## Records for the task
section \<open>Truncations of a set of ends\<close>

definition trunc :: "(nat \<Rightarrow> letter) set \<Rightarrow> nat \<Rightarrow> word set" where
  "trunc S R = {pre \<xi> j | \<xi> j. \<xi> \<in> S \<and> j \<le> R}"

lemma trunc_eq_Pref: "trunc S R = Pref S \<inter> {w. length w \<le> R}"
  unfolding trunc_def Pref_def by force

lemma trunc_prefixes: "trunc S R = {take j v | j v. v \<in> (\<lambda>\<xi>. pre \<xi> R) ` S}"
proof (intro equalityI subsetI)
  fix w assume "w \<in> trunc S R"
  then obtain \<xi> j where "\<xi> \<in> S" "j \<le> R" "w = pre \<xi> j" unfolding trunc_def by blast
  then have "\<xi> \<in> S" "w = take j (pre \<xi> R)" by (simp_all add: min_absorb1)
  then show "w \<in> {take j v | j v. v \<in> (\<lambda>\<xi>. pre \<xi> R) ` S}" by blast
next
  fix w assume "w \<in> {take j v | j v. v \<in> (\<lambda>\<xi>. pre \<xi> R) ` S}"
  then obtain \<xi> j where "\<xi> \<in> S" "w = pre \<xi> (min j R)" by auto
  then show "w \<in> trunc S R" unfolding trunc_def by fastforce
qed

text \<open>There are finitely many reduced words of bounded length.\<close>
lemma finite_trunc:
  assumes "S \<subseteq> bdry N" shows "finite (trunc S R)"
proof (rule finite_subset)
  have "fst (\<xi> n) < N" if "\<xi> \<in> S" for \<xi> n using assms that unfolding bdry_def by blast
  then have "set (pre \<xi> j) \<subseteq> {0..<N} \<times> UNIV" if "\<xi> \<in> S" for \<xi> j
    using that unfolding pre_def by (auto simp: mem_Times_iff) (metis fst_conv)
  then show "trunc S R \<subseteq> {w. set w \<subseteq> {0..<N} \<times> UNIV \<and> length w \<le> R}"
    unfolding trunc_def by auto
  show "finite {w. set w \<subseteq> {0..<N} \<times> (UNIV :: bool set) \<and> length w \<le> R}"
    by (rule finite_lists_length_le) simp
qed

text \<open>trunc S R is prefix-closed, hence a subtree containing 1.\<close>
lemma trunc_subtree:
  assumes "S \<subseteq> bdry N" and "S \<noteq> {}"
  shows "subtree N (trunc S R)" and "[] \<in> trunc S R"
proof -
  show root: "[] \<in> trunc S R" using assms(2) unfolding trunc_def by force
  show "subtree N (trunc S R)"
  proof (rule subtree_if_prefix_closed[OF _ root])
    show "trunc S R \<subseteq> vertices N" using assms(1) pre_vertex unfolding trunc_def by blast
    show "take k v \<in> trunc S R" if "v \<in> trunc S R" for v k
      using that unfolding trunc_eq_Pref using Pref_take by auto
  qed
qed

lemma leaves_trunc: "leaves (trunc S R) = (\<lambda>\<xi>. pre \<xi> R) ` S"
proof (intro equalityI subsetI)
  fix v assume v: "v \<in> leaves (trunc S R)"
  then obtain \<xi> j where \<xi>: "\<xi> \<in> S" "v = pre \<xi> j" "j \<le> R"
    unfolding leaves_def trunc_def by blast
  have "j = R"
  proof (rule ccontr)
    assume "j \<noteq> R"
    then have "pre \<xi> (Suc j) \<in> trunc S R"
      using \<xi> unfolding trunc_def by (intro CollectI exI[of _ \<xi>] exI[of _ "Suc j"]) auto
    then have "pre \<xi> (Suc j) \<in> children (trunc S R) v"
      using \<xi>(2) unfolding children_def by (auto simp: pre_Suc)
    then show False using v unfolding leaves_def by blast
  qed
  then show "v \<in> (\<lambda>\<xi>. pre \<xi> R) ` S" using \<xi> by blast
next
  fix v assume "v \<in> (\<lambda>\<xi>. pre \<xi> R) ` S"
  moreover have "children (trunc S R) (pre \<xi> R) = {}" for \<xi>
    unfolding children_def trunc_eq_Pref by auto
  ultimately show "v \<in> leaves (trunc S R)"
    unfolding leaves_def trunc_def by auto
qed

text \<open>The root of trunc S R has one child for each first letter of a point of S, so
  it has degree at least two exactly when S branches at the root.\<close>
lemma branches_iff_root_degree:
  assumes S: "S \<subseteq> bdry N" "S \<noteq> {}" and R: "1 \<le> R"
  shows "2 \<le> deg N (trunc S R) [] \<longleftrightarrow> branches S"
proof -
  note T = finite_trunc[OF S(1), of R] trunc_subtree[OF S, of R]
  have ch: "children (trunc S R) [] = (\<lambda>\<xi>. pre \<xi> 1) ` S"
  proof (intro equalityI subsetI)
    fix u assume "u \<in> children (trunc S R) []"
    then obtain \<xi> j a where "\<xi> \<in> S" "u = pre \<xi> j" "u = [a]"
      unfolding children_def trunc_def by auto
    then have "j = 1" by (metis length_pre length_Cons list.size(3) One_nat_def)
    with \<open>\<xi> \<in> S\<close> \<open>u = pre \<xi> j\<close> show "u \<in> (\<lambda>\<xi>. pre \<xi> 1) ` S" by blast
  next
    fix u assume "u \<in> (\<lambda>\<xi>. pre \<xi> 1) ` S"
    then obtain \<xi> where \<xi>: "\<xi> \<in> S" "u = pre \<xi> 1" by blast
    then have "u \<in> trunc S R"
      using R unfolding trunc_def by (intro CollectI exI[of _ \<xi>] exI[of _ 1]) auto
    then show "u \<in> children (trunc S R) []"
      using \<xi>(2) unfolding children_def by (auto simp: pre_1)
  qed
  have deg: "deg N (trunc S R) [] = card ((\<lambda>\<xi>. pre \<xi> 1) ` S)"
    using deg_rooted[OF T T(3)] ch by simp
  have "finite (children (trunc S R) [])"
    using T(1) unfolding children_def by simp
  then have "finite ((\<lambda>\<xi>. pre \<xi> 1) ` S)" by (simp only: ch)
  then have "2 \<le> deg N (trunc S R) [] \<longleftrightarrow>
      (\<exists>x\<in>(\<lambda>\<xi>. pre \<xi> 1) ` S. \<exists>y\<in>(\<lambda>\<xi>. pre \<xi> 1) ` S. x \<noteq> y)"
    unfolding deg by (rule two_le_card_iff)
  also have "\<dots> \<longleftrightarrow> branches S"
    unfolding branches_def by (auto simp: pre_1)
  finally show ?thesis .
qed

## What you need to do
A single number is required: the count of lines in the data that contain the string "open".

## Answer to the exercise
5